Are Big Boxes Better For Server Virtualization?

Galen SchreckFrom time to time, someone will ask me if it makes sense to purchase a large (32+ CPU) server as a big virtualization host running a VMware, Microsoft, or Citrix hypervisor.

In a word, I think the answer is "no".

Here are a few reasons why:

  • First, very few virtualization users that I’m aware of have selected anything larger than 4-socket systems. Massive servers with 32 processors simply cost too much on a per-VM basis, and since you end up dividing them up into smaller virtual machines, there’s not much benefit to go with a massive system. Most hypervisors don’t support more than four virtual processors per virtual machine (including VMware -- you have to purchase the top-of-the-line Enterprise Plus to get 8-way virtual SMP).
  • Second, many of the HA features in large SMP systems can be provided by clustering or live migration capabilities in software.
  • Third, having all that capacity in one box used to make it easier to reallocate resources between partitions -- but live migration across physical boxes makes that unnecessary as well.
  • Lastly, some vendors have claimed that virtual environments built on big servers are easier to manage, since there are fewer physical endpoints to worry about. I think this is an older argument that dates back to when people purchased a Sun E10K to run a large number of websites. Ultimately, more automated management tools made it possible to run large numbers of scale-out servers at a similar cost.

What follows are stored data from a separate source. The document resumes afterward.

(* Let $\mathbf d=(d_1,\dots,d_m)\in(\mathbb Z_{\ge0})^m$ and let $z=z(\mathbf s)$ be the formal power series in $\mathbf s=(s_1,\dots,s_m)$ determined by $1-z+\sum_{i=1}^m s_iz^{d_i+1}=0$, $z(0)=1$. Define the formal power series $$F(\mathbf s)=\sum_{\mathbf k\in(\mathbb Z_{\ge0})^m}\frac{\binom{2+(\mathbf d+\mathbf 1)\cdot\mathbf k}{\mathbf k}}{(1+(\mathbf d+\mathbf 1)\cdot\mathbf k)(2+(\mathbf d+\mathbf 1)\cdot\mathbf k)}\mathbf s^{\mathbf k},$$ $$G(\mathbf s)=\sum_{\mathbf k\in(\mathbb Z_{\ge0})^m}\frac{6+\sum_{i=1}^m\frac{d_i(d_i+1)}{d_i+2}k_i}{(2+(\mathbf d+\mathbf 1)\cdot\mathbf k)(3+(\mathbf d+\mathbf 1)\cdot\mathbf k)(4+(\mathbf d+\mathbf 1)\cdot\mathbf k)}\binom{4+(\mathbf d+\mathbf 1)\cdot\mathbf k}{\mathbf k}\mathbf s^{\mathbf k}.$$ Then $G=F^2$ as formal power series; more precisely $G(\mathbf s)=F(\mathbf s)^2-\frac14z^2\big(1-z+\sum_{i=1}^ms_iz^{d_i+1}\big)^2$.
   Context: Notation: $\mathbf 1=(1,\dots,1)$, $\mathbf a\cdot\mathbf b=\sum a_ib_i$, $\mathbf s^{\mathbf k}=\prod s_i^{k_i}$, $\mathbf k!=\prod k_i!$, and the multinomial coefficient $\binom{n}{\mathbf k}=\frac{n!}{k_1!\cdots k_m!\,(n-\mathbf k\cdot\mathbf 1)!}$. *)

theory Defs
  imports Main "HOL.Real"
begin

text \<open>Formal power series in m variables s_1..s_m with real coefficients,
  represented by their coefficient function on multi-indices k, which are
  lists of naturals of length m (entry i is the exponent of s_(i+1)).
  Values on lists of other lengths are irrelevant.\<close>

type_synonym mfps = "nat list \<Rightarrow> real"

definition mfps_mult :: "nat \<Rightarrow> mfps \<Rightarrow> mfps \<Rightarrow> mfps" where
  "mfps_mult m f g k =
     (\<Sum>a\<in>{a. length a = m \<and> (\<forall>i<m. a ! i \<le> k ! i)}. f a * g (map2 (-) k a))"

definition mone :: "nat \<Rightarrow> mfps" where
  "mone m k = (if k = replicate m 0 then 1 else 0)"

definition mvar :: "nat \<Rightarrow> nat \<Rightarrow> mfps" where
  "mvar m i k = (if k = (replicate m 0)[i := 1] then 1 else 0)"

fun mpow :: "nat \<Rightarrow> mfps \<Rightarrow> nat \<Rightarrow> mfps" where
  "mpow m f 0 = mone m"
| "mpow m f (Suc n) = mfps_mult m f (mpow m f n)"

definition dotp :: "nat list \<Rightarrow> nat list \<Rightarrow> nat" where
  "dotp d k = (\<Sum>i<length d. (d ! i + 1) * k ! i)"

definition multinom :: "nat \<Rightarrow> nat list \<Rightarrow> real" where
  "multinom n k = fact n / ((\<Prod>i<length k. fact (k ! i)) * fact (n - sum_list k))"

definition Fser :: "nat list \<Rightarrow> mfps" where
  "Fser d k = multinom (2 + dotp d k) k
      / ((1 + real (dotp d k)) * (2 + real (dotp d k)))"

definition Gser :: "nat list \<Rightarrow> mfps" where
  "Gser d k = (6 + (\<Sum>i<length d. real (d ! i * (d ! i + 1)) / real (d ! i + 2) * real (k ! i)))
      / ((2 + real (dotp d k)) * (3 + real (dotp d k)) * (4 + real (dotp d k)))
      * multinom (4 + dotp d k) k"

definition Eser :: "nat list \<Rightarrow> mfps \<Rightarrow> mfps" where
  "Eser d z k = mone (length d) k - z k
      + (\<Sum>i<length d. mfps_mult (length d) (mvar (length d) i) (mpow (length d) z (d ! i + 1)) k)"

end

theory Submission
  imports Defs
begin

(* Write D(k) = (d+1).k and let theta be the weighted Euler operator
   multiplying the coefficient of s^k by D(k); theta is a derivation.  By Lagrange
   inversion the coefficients of z^r are P_r(k) = r/(D+r) * multinom (D+r) k, and
   the relation z^(r+1) = z^r + sum_i s_i z^(r+1+d_i) characterises the family P_r by
   a recursion with a unique solution.  Hence P_r * P_t = P_(r+t) (both sides solve
   the recursion in r), which we prove without ever using z itself.
   Coefficientwise one checks (theta+1) F = P_2/2 and the two expansions
       F            = P_1 - P_2/2 + sum_i s_i P_(d_i+2)/(d_i+2),
       (theta+2) G  = P_3 - P_4/2 + sum_i s_i P_(d_i+4)/(d_i+2).
   Since theta is a derivation, (theta+2)(F^2) = 2 F (theta+1) F = F P_2, and expanding
   F P_2 with the first formula and P_r P_t = P_(r+t) gives the second one.  As
   theta+2 is injective, G = F^2.  Finally the correction term in the theorem vanishes
   because z satisfies its defining equation. *)

section \<open>Products of multi-index series\<close>

definition box :: "nat \<Rightarrow> nat list \<Rightarrow> nat list set" where
  "box m k = {a. length a = m \<and> (\<forall>i<m. a ! i \<le> k ! i)}"

lemma mult_box: "mfps_mult m f g k = (\<Sum>a\<in>box m k. f a * g (map2 (-) k a))"
  by (simp add: mfps_mult_def box_def)

lemma finite_box: "finite (box m k)"
proof (rule finite_subset)
  show "box m k \<subseteq> {xs. set xs \<subseteq> {0..(\<Sum>j<m. k ! j)} \<and> length xs = m}"
  proof
    fix a assume "a \<in> box m k"
    hence a: "length a = m" "\<forall>i<m. a ! i \<le> k ! i" by (auto simp: box_def)
    have "a ! i \<le> (\<Sum>j<m. k ! j)" if "i < m" for i
      using a that member_le_sum[of i "{..<m}" "\<lambda>j. k ! j"] by force
    thus "a \<in> {xs. set xs \<subseteq> {0..(\<Sum>j<m. k ! j)} \<and> length xs = m}"
      using a by (auto simp: in_set_conv_nth)
  qed
qed (rule finite_lists_length_eq, simp)

lemma box_complement:
  assumes "a \<in> box m k" "length k = m"
  shows "map2 (-) k (map2 (-) k a) = a" "map2 (-) k a \<in> box m k"
  using assms by (auto simp: box_def intro!: nth_equalityI)

lemma mult_comm:
  assumes "length k = m"
  shows "mfps_mult m f g k = mfps_mult m g f k"
  unfolding mult_box
  by (rule sum.reindex_bij_witness[of _ "\<lambda>a. map2 (-) k a" "\<lambda>a. map2 (-) k a"])
     (auto simp: box_complement[OF _ assms])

Even among modular servers, there is some debate as to how big of a box you need. The recent release of the Intel Xeon 5500 allows you to manage a lot more memory with fewer physical CPUs. In order to provide the maximum amount of memory to their VMs, many companies purchased more processors than they needed -- simply so they could get enough RAM. Systems were still mostly memory bound, so with the release of the new Xeon 5500 that can address more DIMMS, we think that some firms will temporarily swing back towards systems with fewer CPUs. Plus, the CPUs have gotten much faster -- recent demonstrations by Intel are showing the new Xeon 5500-based servers running twice the workload of their prior models.

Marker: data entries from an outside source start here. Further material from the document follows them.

lemma ZL_left_mult: "q \<in> ZL G B \<Longrightarrow> a \<in> carrier G \<Longrightarrow> b \<in> B \<Longrightarrow> q (b \<otimes> a) = b \<otimes> q a"
  unfolding ZL_def by auto

lemma ZL_mult_absorb:
  "q \<in> ZL G B \<Longrightarrow> a \<in> carrier G \<Longrightarrow> a' \<in> carrier G \<Longrightarrow> q (a \<otimes> a') = q (a \<otimes> q a')"
  unfolding ZL_def by auto

lemma ZL_carrier: "subgroup B G \<Longrightarrow> q \<in> ZL G B \<Longrightarrow> a \<in> carrier G \<Longrightarrow> q a \<in> carrier G"
  using ZL_mem subgroup.mem_carrier by metis

lemma ZL_fixes_subgroup:
  assumes "subgroup B G" "q \<in> ZL G B" "b \<in> B"
  shows "q b = b"
proof -
  have "b \<in> carrier G" using subgroup.mem_carrier assms(1,3) .
  then have "q b = q (b \<otimes> \<one>)" by simp
  also have "\<dots> = b \<otimes> q \<one>" using ZL_left_mult[OF assms(2) one_closed assms(3)] .
  finally show ?thesis using ZL_one[OF assms(2)] \<open>b \<in> carrier G\<close> by simp
qed

lemma inv_ZL_mult_mem_KerQ:
  assumes "subgroup B G" "q \<in> ZL G B" "a \<in> carrier G"
  shows "inv (q a) \<otimes> a \<in> KerQ G q"
proof -
  have qa: "q a \<in> B" "q a \<in> carrier G" using ZL_mem ZL_carrier assms by auto
  then have "q (inv (q a) \<otimes> a) = inv (q a) \<otimes> q a"
    using ZL_left_mult[OF assms(2,3)] subgroup.m_inv_closed[OF assms(1)] by blast
  also have "\<dots> = \<one>" using qa(2) by (rule l_inv)
  finally show ?thesis using assms(3) qa(2) unfolding KerQ_def by blast
qed

lemma ZL_eq_of_inv_mult_mem_KerQ:
  assumes "subgroup B G" "q \<in> ZL G B" "b \<in> B" "a \<in> carrier G" "inv b \<otimes> a \<in> KerQ G q"
  shows "q a = b"
proof -
  have b: "b \<in> carrier G" using subgroup.mem_carrier assms(1,3) .
  have "q a = q (b \<otimes> (inv b \<otimes> a))" using b assms(4) by (simp add: m_assoc[symmetric])
  also have "\<dots> = b \<otimes> q (inv b \<otimes> a)" using ZL_left_mult[OF assms(2) _ assms(3)] b assms(4) by simp
  also have "q (inv b \<otimes> a) = \<one>" using assms(5) unfolding KerQ_def by blast
  finally show ?thesis using b by simp
qed

lemma subgroup_KerQ:
  assumes "q \<in> ZL G B"
  shows "subgroup (KerQ G q) G"
proof (rule subgroupI)
  show "KerQ G q \<subseteq> carrier G" "KerQ G q \<noteq> {}"
    using ZL_one[OF assms] unfolding KerQ_def by auto
  fix a a' assume "a \<in> KerQ G q" "a' \<in> KerQ G q"
  then have a: "a \<in> carrier G" "q a = \<one>" "a' \<in> carrier G" "q a' = \<one>"
    unfolding KerQ_def by auto
  have "q (inv a) = q (inv a \<otimes> q a)" using a by simp
  also have "\<dots> = \<one>" using ZL_mult_absorb[OF assms, of "inv a" a, symmetric] ZL_one[OF assms] a
    by simp
  finally show "inv a \<in> KerQ G q" using a unfolding KerQ_def by simp
  show "a \<otimes> a' \<in> KerQ G q" using ZL_mult_absorb[OF assms] a unfolding KerQ_def by simp
qed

Excellent observations. Let me also add a 5th to your list: I/O bottlenecks. To get around this you need to add even more NIC/HBAs and cables etc. which further adds cost, complexity, and messes with migration, HA and DR issues. For example, should the HW crash, you'll need an equivalently-provisioned (and expensive) box to fail-over to.

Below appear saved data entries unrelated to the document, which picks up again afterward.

(* Let $n$ be an odd positive integer having a unique prime divisor $p'$ with $v_{p'}(n)=2$, such that $v_q(n)=1$ for every prime divisor $q\neq p'$ of $n$, and suppose every prime divisor of $n$ is at least $7$. Let $A=S(n)$. If $\omega(n)\neq 2$, then $D_A(n)=\Omega(n)+1$.
   Context: $\mathbb{Z}_n$ is the integers mod $n$, $U(n)$ its unit group. For nonempty $A\subseteq\mathbb{Z}_n\setminus\{0\}$, a sequence $(x_1,\ldots,x_k)$ is an $A$-weighted zero-sum sequence if $\sum a_ix_i=0$ for some $a_i\in A$; $D_A(n)$ is the least $k$ such that every length-$k$ sequence in $\mathbb{Z}_n$ has a nonempty $A$-weighted zero-sum subsequence. $v_p(n)=r$ means $p^r\mid n$, $p^{r+1}\nmid n$; $\Omega(n)$ is the number of prime factors with multiplicity and $\omega(n)$ the number of distinct prime factors. For odd $n=\prod p_i^{r_i}$ and $a\in U(n)$, $\left(\frac{a}{n}\right)=\prod\left(\frac{a}{p_i}\right)^{r_i}$ (Legendre symbols of images mod $p_i$), and $S(n)$ is the kernel of $a\mapsto\left(\frac{a}{n}\right)$ on $U(n)$. *)

theory Defs
  imports "HOL-Number_Theory.Number_Theory"
begin

text \<open>Elements of Z_n are represented by naturals in {0..<n}; a sequence of length k
  is a list of such naturals.\<close>

definition has_A_zero_sum_subseq :: "nat \<Rightarrow> nat set \<Rightarrow> nat list \<Rightarrow> bool" where
  "has_A_zero_sum_subseq n A xs \<longleftrightarrow>
     (\<exists>I. I \<subseteq> {..<length xs} \<and> I \<noteq> {} \<and>
        (\<exists>a. (\<forall>i\<in>I. a i \<in> A) \<and> [(\<Sum>i\<in>I. a i * xs ! i) = 0] (mod n)))"

definition D_A :: "nat set \<Rightarrow> nat \<Rightarrow> nat" where
  "D_A A n = (LEAST k. \<forall>xs. length xs = k \<and> set xs \<subseteq> {..<n} \<longrightarrow>
                              has_A_zero_sum_subseq n A xs)"

definition jacobi_sym :: "nat \<Rightarrow> nat \<Rightarrow> int" where
  "jacobi_sym a n = (\<Prod>p\<in>prime_factors n. Legendre (int a) (int p) ^ multiplicity p n)"

definition S_set :: "nat \<Rightarrow> nat set" where
  "S_set n = {a \<in> {0..<n}. coprime a n \<and> jacobi_sym a n = 1}"

definition big_omega :: "nat \<Rightarrow> nat" where
  "big_omega n = (\<Sum>p\<in>prime_factors n. multiplicity p n)"

definition small_omega :: "nat \<Rightarrow> nat" where
  "small_omega n = card (prime_factors n)"

end

theory Submission
  imports Defs
begin

text \<open>Write \<open>n = p\<^sup>2 q\<^sub>1 \<cdots> q\<^sub>s\<close>. The partial products of the prime factorisation of \<open>n\<close>
  form a sequence of length \<open>\<Omega>(n)\<close> without a zero-sum weighted by units, which gives the lower bound.

  For the upper bound, weights in \<open>S(n)\<close> are glued by the Chinese remainder theorem from local
  weights: units modulo \<open>p\<^sup>2\<close>, whose Legendre symbol enters squared, and units modulo each \<open>q\<^sub>k\<close>
  with prescribed quadratic characters whose product over \<open>k\<close> is \<open>1\<close> for every term. Among \<open>s + 3\<close>
  terms, a parity argument yields a nonempty subset containing an even number of terms prime to \<open>p\<close>,
  to \<open>p\<^sup>2\<close> and to each \<open>q\<^sub>k\<close>. Modulo \<open>p\<^sup>2\<close> such terms cancel in pairs. Modulo a prime
  \<open>q \<ge> 7\<close> all four sign patterns of \<open>((u/q), ((1 - u)/q))\<close> occur, so sums of at least two terms
  reach any unit with prescribed characters, and a sum of exactly two terms reaches \<open>0\<close> when the
  characters are compatible. The only obstruction, two terms that alone are prime to every \<open>q\<^sub>k\<close>
  with incompatible characters, is removed with the help of three further terms, which needs
  \<open>s \<noteq> 1\<close>.\<close>

section \<open>Legendre symbols\<close>

lemma Legendre_cong:
  assumes "[a = b] (mod m)"
  shows "Legendre a m = Legendre b m"
proof -
  have "[a = 0] (mod m) \<longleftrightarrow> [b = 0] (mod m)" "QuadRes m a \<longleftrightarrow> QuadRes m b"
    unfolding QuadRes_def using assms cong_sym cong_trans by metis+
  then show ?thesis
    unfolding Legendre_def by simp
qed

Let me add 6th point based on 5th point above.Do you know how much Virtualization helps in saving the provisioning, development and testing, I don't think it is considered in your 5th point.Comming to HA and DR for Tier1 apps can you do without 2 physical boxes "no" hence virtualization is better in terms of achiving this as well as resource utilization also.

Savings on provisioning or ongoing management (for production or test systems) are a little tricky to calculate. The reason is, it depends on how advanced your capabilities are prior to virtualizaion.In some cases, I have spoken with clients who have had incredible increases in administrator productivity. In many cases, those IT shops didn't have much in the way of automation. Being able to provision a system from a virtual disk template was a huge improvement for them.Other companies (probably a minority) have automated configuration management tools like HP Opsware or BMC BladeLogic. For these companies, the increase in efficiency seems to be somewhat less -- since they already had the ability to rapidly build a system from a stored configuration.